[Collected data entries]
lemma walk_to_distinct:
  assumes "W \<noteq> []" "\<forall>k. Suc k < length W \<longrightarrow> R (W!k) (W!Suc k)"
  obtains Q where "Q \<noteq> []" "hd Q = hd W" "last Q = last W" "distinct Q" "set Q \<subseteq> set W"
    "length Q \<le> length W" "\<forall>k. Suc k < length Q \<longrightarrow> R (Q!k) (Q!Suc k)"
proof -
  have "\<exists>Q. Q \<noteq> [] \<and> hd Q = hd W \<and> last Q = last W \<and> distinct Q \<and> set Q \<subseteq> set W
    \<and> length Q \<le> length W \<and> (\<forall>k. Suc k < length Q \<longrightarrow> R (Q!k) (Q!Suc k))"
    using assms
  proof (induction W)
    case Nil
    then show ?case by simp
  next
    case (Cons a W')
    show ?case
    proof (cases "W' = []")
      case True
      then show ?thesis by (intro exI[of _ "[a]"]) simp
    next
      case False
      have "\<forall>k. Suc k < length W' \<longrightarrow> R (W'!k) (W'!Suc k)" using Cons.prems(2) by fastforce
      then obtain Q' where Q': "Q' \<noteq> []" "hd Q' = hd W'" "last Q' = last W'" "distinct Q'"
          "set Q' \<subseteq> set W'" "length Q' \<le> length W'" "\<forall>k. Suc k < length Q' \<longrightarrow> R (Q'!k) (Q'!Suc k)"
        using Cons.IH False by blast
      show ?thesis
      proof (cases "a \<in> set Q'")
        case True
        then obtain us ws where Q'_split: "Q' = us @ a # ws" by (meson split_list)
        have "R ((a # ws)!k) ((a # ws)!Suc k)" if "Suc k < length (a # ws)" for k
          using Q'(7)[rule_format, of "length us + k"] that Q'_split by (simp add: nth_append)
        then show ?thesis using Q' Q'_split False by (intro exI[of _ "a # ws"]) auto
      next
        case not_in: False
        have "R a (hd Q')"
          using Cons.prems(2)[rule_format, of 0] Q'(2) False by (simp add: hd_conv_nth)
        then have "R ((a # Q')!k) ((a # Q')!Suc k)" if "Suc k < length (a # Q')" for k
          using Q'(1,7) that by (cases k) (auto simp: hd_conv_nth)
        then show ?thesis using Q' not_in False by (intro exI[of _ "a # Q'"]) auto
      qed
    qed
  qed
  then show ?thesis using that by blast
qed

Brief
Wherever the string "subseteq" appears in the data above, report the whole line.

Exercise response
  obtains Q where "Q \<noteq> []" "hd Q = hd W" "last Q = last W" "distinct Q" "set Q \<subseteq> set W"
  have "\<exists>Q. Q \<noteq> [] \<and> hd Q = hd W \<and> last Q = last W \<and> distinct Q \<and> set Q \<subseteq> set W
          "set Q' \<subseteq> set W'" "length Q' \<le> length W'" "\<forall>k. Suc k < length Q' \<longrightarrow> R (Q'!k) (Q'!Suc k)"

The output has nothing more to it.